Abstract

This paper discusses the origins of two key notions in Foucault's work up to and including The Archaeology of Knowledge. The first of these notions is the notion of "archaeology" itself, a form of historical investigation of knowledge that is distinguished from the mere history of ideas in part by its unearthing what Foucault calls "historical a prioris". Both notions, I argue, are derived from Husserlian phenomenology. But both are modified by Foucault in the light of Jean Cavaillès's critique of Husserl's theory of science. On Husserl's view, we demand that propositions holding of scientific objects be intersubjective and invariant, but this demand conflicts with our immediate experience, which is essentially bound to a subject's perspective. Thus the mathematical and physical sciences must utilise formal languages to fix these truths independently of the thoughts of a particular subject. This necessary procedure leads to the sedimentation of these formal systems: we forget their source in the concrete experiences of individuals, and use them as purely technical means.
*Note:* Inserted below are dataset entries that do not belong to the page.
(* Let $X$ be a connected Hausdorff topological space and let $\mathbf{F}$ be an infinite-dimensional $1$-independent Banach space of continuous functions over $X$ such that every bounded linear operator on $\mathbf{F}$ is of the form $\lambda\,\mathrm{Id}+K$ with $\lambda\in\mathbb{C}$ and $K$ compact. Then every multiplier of $\mathbf{F}$ is a constant function.
   Context: A Banach space of continuous functions over $X$ is a linear subspace of the space $C(X)$ of continuous complex functions with a complete norm whose topology is stronger than the compact-open topology. It is $1$-independent if for each $x\in X$ some $f\in\mathbf{F}$ has $f(x)\ne0$. $\omega:X\to\mathbb{C}$ is a multiplier of $\mathbf{F}$ if $\omega f\in\mathbf{F}$ for all $f\in\mathbf{F}$ and $f\mapsto\omega f$ is bounded on $\mathbf{F}$. *)

theory Defs
  imports "HOL-Analysis.Analysis"
begin

definition cfun_subspace :: "('a::topological_space \<Rightarrow> complex) set \<Rightarrow> bool" where
  "cfun_subspace F \<longleftrightarrow>
     (\<forall>f\<in>F. continuous_on UNIV f) \<and>
     (\<lambda>x. 0) \<in> F \<and>
     (\<forall>f\<in>F. \<forall>g\<in>F. (\<lambda>x. f x + g x) \<in> F) \<and>
     (\<forall>c::complex. \<forall>f\<in>F. (\<lambda>x. c * f x) \<in> F)"

definition is_norm_on :: "('a \<Rightarrow> complex) set \<Rightarrow> (('a \<Rightarrow> complex) \<Rightarrow> real) \<Rightarrow> bool" where
  "is_norm_on F N \<longleftrightarrow>
     (\<forall>f\<in>F. N f \<ge> 0) \<and>
     (\<forall>f\<in>F. N f = 0 \<longleftrightarrow> f = (\<lambda>x. 0)) \<and>
     (\<forall>c::complex. \<forall>f\<in>F. N (\<lambda>x. c * f x) = cmod c * N f) \<and>
     (\<forall>f\<in>F. \<forall>g\<in>F. N (\<lambda>x. f x + g x) \<le> N f + N g)"

definition norm_complete :: "('a \<Rightarrow> complex) set \<Rightarrow> (('a \<Rightarrow> complex) \<Rightarrow> real) \<Rightarrow> bool" where
  "norm_complete F N \<longleftrightarrow>
     (\<forall>s::nat \<Rightarrow> ('a \<Rightarrow> complex). (\<forall>n. s n \<in> F) \<longrightarrow>
        (\<forall>e>0. \<exists>M. \<forall>m\<ge>M. \<forall>n\<ge>M. N (\<lambda>x. s m x - s n x) < e) \<longrightarrow>
        (\<exists>g\<in>F. (\<lambda>n. N (\<lambda>x. s n x - g x)) \<longlonglongrightarrow> 0))"

text \<open>The norm topology is stronger than the compact-open topology (= topology of uniform
  convergence on compact sets for complex-valued functions): the identity map from (F,N) to F
  with the compact-open topology is continuous, i.e. (by linearity) continuous at 0.\<close>
definition stronger_than_compact_open ::
  "('a::topological_space \<Rightarrow> complex) set \<Rightarrow> (('a \<Rightarrow> complex) \<Rightarrow> real) \<Rightarrow> bool" where
  "stronger_than_compact_open F N \<longleftrightarrow>
     (\<forall>K. compact K \<longrightarrow> (\<forall>e>0. \<exists>d>0. \<forall>f\<in>F. N f < d \<longrightarrow> (\<forall>x\<in>K. cmod (f x) < e)))"

definition banach_space_of_cfuns ::
  "('a::topological_space \<Rightarrow> complex) set \<Rightarrow> (('a \<Rightarrow> complex) \<Rightarrow> real) \<Rightarrow> bool" where
  "banach_space_of_cfuns F N \<longleftrightarrow>
     cfun_subspace F \<and> is_norm_on F N \<and> norm_complete F N \<and> stronger_than_compact_open F N"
The technique of reactivating the intentional acts in which sedimented formal systems originated is thus, in Fink's terminology, an archaeological method. Foucault and Cavaillès retain the general outlines of this archaeology of the sciences, but they reject its appeal to conscious acts of meaning, to what Cavaillès calls "the philosophy of consciousness". I conclude by discussing the implicit difficulties in the "linguistic transcendentalism" proposed as an alternative by these French critics of Husserl.